(DATA)
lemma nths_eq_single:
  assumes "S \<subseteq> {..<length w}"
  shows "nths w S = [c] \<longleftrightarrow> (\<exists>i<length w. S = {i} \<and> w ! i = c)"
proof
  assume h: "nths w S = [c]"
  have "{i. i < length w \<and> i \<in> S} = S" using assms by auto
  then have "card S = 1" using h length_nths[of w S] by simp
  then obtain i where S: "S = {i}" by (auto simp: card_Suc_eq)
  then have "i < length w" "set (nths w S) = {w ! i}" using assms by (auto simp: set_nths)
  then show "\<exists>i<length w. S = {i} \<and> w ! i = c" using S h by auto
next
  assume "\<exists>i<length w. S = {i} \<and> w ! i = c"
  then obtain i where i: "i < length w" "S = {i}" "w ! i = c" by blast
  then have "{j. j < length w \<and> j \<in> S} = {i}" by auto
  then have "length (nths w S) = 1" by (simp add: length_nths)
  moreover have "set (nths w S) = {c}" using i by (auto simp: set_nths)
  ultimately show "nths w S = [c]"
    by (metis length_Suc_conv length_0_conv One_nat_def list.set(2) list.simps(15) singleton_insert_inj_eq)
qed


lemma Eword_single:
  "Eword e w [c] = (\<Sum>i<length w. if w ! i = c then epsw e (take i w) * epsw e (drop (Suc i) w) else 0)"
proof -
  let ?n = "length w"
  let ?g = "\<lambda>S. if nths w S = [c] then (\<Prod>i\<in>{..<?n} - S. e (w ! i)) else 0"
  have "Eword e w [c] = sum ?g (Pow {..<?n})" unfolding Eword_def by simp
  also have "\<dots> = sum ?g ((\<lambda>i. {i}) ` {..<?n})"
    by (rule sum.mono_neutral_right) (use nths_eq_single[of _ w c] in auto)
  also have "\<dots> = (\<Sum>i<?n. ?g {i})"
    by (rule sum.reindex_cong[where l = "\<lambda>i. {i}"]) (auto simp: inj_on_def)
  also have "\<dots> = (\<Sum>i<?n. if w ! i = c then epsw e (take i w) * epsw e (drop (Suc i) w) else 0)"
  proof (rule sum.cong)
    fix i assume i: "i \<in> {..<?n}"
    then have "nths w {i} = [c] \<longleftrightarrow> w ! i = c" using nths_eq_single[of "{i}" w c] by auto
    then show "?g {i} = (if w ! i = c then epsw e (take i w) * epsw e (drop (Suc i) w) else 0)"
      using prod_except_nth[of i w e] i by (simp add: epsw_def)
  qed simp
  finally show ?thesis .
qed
(End DATA)
— EXERCISE DETAILS —
Restate exactly, and only, the line containing "by (rule sum.mono_neutral_right)" together with all lines after it to the end of the material.

— TASK ANSWER —
    by (rule sum.mono_neutral_right) (use nths_eq_single[of _ w c] in auto)
  also have "\<dots> = (\<Sum>i<?n. ?g {i})"
    by (rule sum.reindex_cong[where l = "\<lambda>i. {i}"]) (auto simp: inj_on_def)
  also have "\<dots> = (\<Sum>i<?n. if w ! i = c then epsw e (take i w) * epsw e (drop (Suc i) w) else 0)"
  proof (rule sum.cong)
    fix i assume i: "i \<in> {..<?n}"
    then have "nths w {i} = [c] \<longleftrightarrow> w ! i = c" using nths_eq_single[of "{i}" w c] by auto
    then show "?g {i} = (if w ! i = c then epsw e (take i w) * epsw e (drop (Suc i) w) else 0)"
      using prod_except_nth[of i w e] i by (simp add: epsw_def)
  qed simp
  finally show ?thesis .
qed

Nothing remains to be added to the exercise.